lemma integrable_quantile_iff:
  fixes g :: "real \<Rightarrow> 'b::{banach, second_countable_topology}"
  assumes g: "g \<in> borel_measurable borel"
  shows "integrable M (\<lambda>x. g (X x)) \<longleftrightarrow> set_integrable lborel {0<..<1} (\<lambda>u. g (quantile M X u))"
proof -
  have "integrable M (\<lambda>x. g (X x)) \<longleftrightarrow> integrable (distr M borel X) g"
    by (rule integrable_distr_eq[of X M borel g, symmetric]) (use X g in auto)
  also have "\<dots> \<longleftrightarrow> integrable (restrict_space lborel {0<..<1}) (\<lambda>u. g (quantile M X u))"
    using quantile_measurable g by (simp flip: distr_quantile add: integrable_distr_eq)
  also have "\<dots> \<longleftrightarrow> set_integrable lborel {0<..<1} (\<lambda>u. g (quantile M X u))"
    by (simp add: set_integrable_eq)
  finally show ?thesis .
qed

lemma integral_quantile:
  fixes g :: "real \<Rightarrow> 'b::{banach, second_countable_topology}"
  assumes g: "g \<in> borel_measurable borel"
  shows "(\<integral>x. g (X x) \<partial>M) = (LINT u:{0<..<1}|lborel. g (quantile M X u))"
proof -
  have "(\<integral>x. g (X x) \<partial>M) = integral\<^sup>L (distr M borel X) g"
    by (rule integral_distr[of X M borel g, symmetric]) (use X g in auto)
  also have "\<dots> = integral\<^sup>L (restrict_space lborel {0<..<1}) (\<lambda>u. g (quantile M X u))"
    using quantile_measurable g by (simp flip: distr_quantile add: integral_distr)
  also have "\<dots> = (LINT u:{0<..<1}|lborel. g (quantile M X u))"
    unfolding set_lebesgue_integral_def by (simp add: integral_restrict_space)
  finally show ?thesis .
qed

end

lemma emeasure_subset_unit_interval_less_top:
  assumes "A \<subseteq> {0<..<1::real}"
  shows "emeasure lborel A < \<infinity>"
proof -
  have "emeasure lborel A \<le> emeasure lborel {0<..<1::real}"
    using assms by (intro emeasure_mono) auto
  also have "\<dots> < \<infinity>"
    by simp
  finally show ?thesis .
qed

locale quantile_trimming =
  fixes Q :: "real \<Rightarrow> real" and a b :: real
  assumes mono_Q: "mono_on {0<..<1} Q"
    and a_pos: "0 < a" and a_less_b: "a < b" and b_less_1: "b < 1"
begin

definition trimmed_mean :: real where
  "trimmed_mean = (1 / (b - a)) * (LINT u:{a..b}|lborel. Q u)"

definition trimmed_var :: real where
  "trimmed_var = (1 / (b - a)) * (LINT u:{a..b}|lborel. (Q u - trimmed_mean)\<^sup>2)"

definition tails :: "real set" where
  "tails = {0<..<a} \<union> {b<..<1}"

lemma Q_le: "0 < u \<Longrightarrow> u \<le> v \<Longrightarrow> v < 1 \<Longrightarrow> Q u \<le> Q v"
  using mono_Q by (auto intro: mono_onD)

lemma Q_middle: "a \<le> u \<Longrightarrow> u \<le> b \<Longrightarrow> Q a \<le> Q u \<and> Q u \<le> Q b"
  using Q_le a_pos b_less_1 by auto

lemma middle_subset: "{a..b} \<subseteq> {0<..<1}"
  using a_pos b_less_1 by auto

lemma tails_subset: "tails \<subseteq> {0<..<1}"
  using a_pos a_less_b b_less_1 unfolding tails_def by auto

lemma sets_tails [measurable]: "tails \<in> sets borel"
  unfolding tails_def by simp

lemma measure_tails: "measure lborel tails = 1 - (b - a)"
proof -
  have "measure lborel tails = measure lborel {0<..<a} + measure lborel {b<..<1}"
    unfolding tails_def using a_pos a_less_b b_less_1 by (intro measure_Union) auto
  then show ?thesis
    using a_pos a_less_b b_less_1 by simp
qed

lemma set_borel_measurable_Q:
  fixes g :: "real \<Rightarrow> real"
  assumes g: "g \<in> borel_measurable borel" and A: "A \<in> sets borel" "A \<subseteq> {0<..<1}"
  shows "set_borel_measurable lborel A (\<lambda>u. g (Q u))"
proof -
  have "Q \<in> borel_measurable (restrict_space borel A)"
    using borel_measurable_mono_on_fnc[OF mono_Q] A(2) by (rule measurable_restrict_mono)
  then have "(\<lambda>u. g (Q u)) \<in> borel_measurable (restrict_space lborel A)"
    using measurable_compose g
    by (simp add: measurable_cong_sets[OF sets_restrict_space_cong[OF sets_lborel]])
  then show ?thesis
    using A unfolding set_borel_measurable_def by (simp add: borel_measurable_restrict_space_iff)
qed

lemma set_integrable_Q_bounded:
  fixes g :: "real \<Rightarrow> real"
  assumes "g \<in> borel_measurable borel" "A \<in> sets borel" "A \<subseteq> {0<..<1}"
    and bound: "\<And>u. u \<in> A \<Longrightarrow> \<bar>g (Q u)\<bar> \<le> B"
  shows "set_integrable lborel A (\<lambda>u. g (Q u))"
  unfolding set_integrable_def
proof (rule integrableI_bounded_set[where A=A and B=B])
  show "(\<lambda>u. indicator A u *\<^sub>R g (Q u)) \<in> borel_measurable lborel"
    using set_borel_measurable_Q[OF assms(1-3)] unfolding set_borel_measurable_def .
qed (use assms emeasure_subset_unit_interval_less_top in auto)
※
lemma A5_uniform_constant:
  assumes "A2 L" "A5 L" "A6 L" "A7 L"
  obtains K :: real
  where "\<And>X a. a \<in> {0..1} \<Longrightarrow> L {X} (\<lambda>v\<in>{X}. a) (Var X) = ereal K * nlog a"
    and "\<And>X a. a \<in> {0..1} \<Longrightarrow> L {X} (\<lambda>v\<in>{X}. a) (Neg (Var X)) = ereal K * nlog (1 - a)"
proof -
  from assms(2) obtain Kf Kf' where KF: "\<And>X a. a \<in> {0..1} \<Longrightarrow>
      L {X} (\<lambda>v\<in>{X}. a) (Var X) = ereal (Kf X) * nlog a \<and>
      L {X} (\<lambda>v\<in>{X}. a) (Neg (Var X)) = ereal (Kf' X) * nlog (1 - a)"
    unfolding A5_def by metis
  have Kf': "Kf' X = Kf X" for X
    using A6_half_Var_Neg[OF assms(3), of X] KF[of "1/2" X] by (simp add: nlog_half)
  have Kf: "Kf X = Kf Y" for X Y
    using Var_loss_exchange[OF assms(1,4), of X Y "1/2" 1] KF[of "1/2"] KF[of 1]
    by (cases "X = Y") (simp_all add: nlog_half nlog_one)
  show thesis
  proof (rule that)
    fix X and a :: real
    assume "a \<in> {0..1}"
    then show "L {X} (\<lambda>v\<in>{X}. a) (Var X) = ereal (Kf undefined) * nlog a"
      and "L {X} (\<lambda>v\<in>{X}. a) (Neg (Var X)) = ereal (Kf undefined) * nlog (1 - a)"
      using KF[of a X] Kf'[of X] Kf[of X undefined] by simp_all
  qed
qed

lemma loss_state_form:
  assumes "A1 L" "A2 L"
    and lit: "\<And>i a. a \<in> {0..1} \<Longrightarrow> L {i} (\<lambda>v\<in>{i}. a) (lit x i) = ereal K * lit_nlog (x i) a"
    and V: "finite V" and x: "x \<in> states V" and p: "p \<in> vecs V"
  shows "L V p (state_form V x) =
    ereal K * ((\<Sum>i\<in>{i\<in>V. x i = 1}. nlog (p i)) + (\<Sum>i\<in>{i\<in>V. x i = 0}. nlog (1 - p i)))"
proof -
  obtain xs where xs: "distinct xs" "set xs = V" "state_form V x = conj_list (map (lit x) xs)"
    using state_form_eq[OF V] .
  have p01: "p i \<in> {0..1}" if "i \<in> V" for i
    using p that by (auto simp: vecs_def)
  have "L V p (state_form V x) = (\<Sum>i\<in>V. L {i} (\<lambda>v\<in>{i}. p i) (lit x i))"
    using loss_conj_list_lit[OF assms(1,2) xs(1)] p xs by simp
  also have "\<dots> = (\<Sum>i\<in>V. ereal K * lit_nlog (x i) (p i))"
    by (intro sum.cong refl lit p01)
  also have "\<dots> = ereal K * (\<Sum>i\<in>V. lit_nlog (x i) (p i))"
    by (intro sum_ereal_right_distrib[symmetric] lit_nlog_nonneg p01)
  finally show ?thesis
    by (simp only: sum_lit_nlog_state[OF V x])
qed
※
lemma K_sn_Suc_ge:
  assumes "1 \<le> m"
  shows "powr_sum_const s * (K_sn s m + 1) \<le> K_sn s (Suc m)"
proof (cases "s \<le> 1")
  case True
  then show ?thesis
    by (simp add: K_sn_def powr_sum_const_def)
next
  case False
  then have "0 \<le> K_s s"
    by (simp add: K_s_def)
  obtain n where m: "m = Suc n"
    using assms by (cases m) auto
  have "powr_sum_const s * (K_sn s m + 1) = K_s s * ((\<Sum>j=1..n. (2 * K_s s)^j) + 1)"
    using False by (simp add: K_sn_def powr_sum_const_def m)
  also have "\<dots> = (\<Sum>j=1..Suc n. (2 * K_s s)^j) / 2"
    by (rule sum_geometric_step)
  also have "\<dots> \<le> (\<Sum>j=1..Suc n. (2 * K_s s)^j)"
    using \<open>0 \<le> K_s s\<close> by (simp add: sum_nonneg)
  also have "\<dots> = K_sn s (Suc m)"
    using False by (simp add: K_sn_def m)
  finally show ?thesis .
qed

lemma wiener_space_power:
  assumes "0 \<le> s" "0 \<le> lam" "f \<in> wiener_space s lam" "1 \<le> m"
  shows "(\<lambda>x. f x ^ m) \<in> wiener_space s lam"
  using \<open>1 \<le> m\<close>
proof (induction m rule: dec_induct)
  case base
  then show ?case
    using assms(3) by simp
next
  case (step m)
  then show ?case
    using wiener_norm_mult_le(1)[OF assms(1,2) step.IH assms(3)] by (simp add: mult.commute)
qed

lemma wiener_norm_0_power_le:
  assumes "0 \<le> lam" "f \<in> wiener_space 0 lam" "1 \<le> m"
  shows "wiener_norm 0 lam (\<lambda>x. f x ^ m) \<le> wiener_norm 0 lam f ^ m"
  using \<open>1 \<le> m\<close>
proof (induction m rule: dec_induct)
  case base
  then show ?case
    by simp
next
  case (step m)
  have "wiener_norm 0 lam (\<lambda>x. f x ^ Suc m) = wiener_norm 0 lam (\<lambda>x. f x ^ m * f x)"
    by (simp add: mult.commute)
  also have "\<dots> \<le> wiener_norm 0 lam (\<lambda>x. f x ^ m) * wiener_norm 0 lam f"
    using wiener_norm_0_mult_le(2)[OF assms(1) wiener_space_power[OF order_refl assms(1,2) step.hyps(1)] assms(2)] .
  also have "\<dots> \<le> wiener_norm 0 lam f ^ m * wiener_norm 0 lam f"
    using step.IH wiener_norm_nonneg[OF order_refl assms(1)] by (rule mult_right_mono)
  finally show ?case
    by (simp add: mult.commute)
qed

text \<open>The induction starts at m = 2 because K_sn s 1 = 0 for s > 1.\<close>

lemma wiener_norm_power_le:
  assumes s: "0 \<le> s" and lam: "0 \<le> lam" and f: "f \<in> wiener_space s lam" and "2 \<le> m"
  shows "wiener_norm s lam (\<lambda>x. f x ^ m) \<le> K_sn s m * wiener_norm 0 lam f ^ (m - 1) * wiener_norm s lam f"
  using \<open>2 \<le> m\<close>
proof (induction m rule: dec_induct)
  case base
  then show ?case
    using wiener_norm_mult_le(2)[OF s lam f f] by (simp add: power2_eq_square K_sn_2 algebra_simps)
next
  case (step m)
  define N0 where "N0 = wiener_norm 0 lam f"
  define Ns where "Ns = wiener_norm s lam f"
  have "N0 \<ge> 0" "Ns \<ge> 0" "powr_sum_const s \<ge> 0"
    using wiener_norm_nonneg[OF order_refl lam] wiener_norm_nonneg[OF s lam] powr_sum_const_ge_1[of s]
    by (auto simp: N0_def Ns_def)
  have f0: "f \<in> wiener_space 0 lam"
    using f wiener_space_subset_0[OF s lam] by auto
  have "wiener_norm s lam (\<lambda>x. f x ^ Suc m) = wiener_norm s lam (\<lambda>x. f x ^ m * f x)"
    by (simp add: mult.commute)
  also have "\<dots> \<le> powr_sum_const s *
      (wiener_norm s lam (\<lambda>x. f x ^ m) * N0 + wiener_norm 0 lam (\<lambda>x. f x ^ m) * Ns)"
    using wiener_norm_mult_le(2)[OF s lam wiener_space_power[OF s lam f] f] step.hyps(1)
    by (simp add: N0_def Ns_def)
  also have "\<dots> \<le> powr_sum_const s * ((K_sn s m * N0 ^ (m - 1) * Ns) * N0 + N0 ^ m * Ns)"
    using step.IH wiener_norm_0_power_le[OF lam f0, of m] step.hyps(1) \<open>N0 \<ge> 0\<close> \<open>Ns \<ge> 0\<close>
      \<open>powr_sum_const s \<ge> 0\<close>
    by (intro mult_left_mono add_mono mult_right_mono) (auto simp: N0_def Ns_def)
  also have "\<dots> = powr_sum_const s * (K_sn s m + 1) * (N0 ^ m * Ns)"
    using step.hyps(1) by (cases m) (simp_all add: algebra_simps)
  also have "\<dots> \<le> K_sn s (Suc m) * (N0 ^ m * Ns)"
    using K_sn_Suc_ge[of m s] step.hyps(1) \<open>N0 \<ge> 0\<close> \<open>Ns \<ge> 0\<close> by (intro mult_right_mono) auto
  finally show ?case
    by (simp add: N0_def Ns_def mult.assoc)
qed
※
Problem:
Within the listing above, the range opens at the line with "using set_borel_measurable_Q[OF assms(1-3)]" and closes at the line with "qed (use assms". Reproduce exactly the lines of that range, including both ends.

Answer box:
    using set_borel_measurable_Q[OF assms(1-3)] unfolding set_borel_measurable_def .
qed (use assms emeasure_subset_unit_interval_less_top in auto)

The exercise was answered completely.